▶ What needs to be done
Write out exactly the lines running from the line that includes "e \<longleftrightarrow> edge_in_first_minimal_path rk w'" to the end of the data, both ends included, and nothing besides.
─── Records provided ───
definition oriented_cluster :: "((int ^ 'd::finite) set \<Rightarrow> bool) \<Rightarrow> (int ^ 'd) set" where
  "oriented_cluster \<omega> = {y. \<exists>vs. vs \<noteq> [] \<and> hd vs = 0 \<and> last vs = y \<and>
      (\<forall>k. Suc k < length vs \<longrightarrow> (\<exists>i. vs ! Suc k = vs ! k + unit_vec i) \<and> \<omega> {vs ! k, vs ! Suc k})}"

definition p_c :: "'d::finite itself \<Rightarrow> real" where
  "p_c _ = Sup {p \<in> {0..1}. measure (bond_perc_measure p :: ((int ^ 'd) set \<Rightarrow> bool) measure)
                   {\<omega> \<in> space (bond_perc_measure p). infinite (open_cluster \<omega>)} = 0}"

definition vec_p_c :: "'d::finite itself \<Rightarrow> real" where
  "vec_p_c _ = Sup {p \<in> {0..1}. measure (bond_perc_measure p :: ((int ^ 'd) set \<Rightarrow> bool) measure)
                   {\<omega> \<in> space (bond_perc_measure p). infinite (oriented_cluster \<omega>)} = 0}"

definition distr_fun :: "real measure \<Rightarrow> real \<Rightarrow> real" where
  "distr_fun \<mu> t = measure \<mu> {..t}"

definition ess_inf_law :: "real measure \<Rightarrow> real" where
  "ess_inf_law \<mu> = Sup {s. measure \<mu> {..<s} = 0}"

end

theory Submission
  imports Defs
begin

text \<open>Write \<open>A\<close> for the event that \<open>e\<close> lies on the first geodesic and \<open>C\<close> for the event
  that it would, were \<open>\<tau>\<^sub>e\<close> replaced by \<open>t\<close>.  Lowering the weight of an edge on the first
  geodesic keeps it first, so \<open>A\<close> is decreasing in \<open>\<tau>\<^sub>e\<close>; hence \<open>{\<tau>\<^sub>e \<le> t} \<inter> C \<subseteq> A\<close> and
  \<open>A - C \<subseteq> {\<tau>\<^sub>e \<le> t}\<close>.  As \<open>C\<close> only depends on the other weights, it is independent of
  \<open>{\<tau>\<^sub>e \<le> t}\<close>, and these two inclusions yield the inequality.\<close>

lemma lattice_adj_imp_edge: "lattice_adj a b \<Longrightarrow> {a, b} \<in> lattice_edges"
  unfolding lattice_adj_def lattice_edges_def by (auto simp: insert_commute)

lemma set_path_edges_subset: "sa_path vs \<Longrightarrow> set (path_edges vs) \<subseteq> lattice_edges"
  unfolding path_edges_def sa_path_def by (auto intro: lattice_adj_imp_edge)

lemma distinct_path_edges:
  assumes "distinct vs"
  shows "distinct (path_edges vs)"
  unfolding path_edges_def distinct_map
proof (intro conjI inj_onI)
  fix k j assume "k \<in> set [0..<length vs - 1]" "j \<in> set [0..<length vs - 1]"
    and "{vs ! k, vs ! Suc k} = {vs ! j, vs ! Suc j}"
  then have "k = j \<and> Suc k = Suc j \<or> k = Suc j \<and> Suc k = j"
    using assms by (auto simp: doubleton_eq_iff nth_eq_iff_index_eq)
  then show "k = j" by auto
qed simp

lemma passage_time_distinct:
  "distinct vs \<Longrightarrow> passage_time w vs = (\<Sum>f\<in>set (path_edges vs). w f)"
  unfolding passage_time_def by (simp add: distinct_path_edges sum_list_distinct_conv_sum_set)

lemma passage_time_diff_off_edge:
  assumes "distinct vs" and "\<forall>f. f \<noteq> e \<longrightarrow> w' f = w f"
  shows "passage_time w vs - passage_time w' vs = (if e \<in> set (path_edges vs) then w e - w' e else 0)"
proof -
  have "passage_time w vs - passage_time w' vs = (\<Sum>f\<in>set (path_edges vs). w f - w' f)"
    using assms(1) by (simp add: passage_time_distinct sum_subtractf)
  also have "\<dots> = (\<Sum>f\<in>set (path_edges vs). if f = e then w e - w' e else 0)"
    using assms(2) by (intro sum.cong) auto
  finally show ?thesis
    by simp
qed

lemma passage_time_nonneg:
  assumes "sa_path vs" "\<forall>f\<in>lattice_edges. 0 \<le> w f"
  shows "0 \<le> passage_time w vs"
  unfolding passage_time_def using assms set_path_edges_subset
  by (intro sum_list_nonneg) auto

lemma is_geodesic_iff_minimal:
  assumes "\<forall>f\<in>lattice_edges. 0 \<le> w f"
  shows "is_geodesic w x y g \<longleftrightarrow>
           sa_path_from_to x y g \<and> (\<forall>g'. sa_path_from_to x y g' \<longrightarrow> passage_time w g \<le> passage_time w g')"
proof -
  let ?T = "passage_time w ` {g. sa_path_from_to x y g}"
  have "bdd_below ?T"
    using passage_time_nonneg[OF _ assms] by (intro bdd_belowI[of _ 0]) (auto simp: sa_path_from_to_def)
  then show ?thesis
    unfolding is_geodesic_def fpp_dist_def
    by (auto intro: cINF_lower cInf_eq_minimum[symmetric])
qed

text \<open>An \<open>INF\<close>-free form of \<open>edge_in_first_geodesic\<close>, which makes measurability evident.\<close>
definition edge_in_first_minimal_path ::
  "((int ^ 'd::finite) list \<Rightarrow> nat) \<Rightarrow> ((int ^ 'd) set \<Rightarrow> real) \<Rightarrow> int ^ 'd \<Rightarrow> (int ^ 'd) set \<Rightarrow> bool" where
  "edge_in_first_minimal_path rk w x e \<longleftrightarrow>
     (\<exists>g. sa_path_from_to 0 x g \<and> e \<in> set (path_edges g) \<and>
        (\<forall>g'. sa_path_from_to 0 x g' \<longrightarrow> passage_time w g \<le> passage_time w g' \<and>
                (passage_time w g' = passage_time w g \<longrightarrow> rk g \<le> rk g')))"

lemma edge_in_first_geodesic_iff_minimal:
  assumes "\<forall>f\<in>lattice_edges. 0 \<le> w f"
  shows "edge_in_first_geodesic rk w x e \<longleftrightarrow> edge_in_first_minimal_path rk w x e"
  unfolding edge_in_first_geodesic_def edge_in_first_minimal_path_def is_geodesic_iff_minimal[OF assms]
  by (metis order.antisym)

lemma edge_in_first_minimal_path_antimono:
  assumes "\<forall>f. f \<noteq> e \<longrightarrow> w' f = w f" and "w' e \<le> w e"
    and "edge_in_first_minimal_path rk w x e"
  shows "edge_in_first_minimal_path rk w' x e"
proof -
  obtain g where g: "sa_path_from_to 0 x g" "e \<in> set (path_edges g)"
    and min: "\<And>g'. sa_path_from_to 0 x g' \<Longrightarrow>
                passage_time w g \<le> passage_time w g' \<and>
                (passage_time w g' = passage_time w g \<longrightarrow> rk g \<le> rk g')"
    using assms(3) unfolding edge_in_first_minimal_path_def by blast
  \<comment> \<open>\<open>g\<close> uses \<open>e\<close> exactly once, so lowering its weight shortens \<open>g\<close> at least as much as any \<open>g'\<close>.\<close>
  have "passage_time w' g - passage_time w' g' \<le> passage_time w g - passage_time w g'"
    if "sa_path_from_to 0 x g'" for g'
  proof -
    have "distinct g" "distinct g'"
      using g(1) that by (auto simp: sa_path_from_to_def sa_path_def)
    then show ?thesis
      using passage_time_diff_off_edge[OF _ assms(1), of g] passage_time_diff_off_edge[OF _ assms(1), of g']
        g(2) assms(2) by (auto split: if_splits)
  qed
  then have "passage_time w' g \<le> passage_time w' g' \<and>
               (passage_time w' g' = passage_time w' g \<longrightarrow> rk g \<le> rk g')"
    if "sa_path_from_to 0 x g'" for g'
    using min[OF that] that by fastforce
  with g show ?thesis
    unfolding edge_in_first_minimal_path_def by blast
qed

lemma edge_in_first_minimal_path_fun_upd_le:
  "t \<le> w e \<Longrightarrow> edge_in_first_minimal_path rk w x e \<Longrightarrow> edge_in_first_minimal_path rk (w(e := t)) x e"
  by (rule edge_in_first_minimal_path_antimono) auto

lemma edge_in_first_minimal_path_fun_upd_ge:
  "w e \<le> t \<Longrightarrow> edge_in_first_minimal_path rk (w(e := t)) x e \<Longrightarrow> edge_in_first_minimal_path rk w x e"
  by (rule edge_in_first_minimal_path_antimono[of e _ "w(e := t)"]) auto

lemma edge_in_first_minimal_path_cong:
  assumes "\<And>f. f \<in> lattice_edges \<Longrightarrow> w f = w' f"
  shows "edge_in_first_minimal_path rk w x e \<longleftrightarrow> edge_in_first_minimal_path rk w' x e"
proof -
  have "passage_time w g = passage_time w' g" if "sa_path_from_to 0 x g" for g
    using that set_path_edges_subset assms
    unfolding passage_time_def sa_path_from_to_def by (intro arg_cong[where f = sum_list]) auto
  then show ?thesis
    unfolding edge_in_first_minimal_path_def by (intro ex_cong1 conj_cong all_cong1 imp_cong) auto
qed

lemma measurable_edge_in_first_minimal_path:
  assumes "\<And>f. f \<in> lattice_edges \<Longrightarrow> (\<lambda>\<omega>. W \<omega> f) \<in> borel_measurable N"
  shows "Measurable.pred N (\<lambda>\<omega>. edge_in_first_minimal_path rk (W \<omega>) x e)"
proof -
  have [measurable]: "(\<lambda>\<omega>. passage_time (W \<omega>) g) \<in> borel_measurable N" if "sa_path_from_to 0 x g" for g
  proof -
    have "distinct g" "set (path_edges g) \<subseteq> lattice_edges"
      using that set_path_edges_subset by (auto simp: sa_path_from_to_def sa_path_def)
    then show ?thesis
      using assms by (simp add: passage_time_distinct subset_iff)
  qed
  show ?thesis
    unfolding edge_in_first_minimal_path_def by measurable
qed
───
▶ Response to this exercise
  shows "edge_in_first_minimal_path rk w x e \<longleftrightarrow> edge_in_first_minimal_path rk w' x e"
proof -
  have "passage_time w g = passage_time w' g" if "sa_path_from_to 0 x g" for g
    using that set_path_edges_subset assms
    unfolding passage_time_def sa_path_from_to_def by (intro arg_cong[where f = sum_list]) auto
  then show ?thesis
    unfolding edge_in_first_minimal_path_def by (intro ex_cong1 conj_cong all_cong1 imp_cong) auto
qed

lemma measurable_edge_in_first_minimal_path:
  assumes "\<And>f. f \<in> lattice_edges \<Longrightarrow> (\<lambda>\<omega>. W \<omega> f) \<in> borel_measurable N"
  shows "Measurable.pred N (\<lambda>\<omega>. edge_in_first_minimal_path rk (W \<omega>) x e)"
proof -
  have [measurable]: "(\<lambda>\<omega>. passage_time (W \<omega>) g) \<in> borel_measurable N" if "sa_path_from_to 0 x g" for g
  proof -
    have "distinct g" "set (path_edges g) \<subseteq> lattice_edges"
      using that set_path_edges_subset by (auto simp: sa_path_from_to_def sa_path_def)
    then show ?thesis
      using assms by (simp add: passage_time_distinct subset_iff)
  qed
  show ?thesis
    unfolding edge_in_first_minimal_path_def by measurable
qed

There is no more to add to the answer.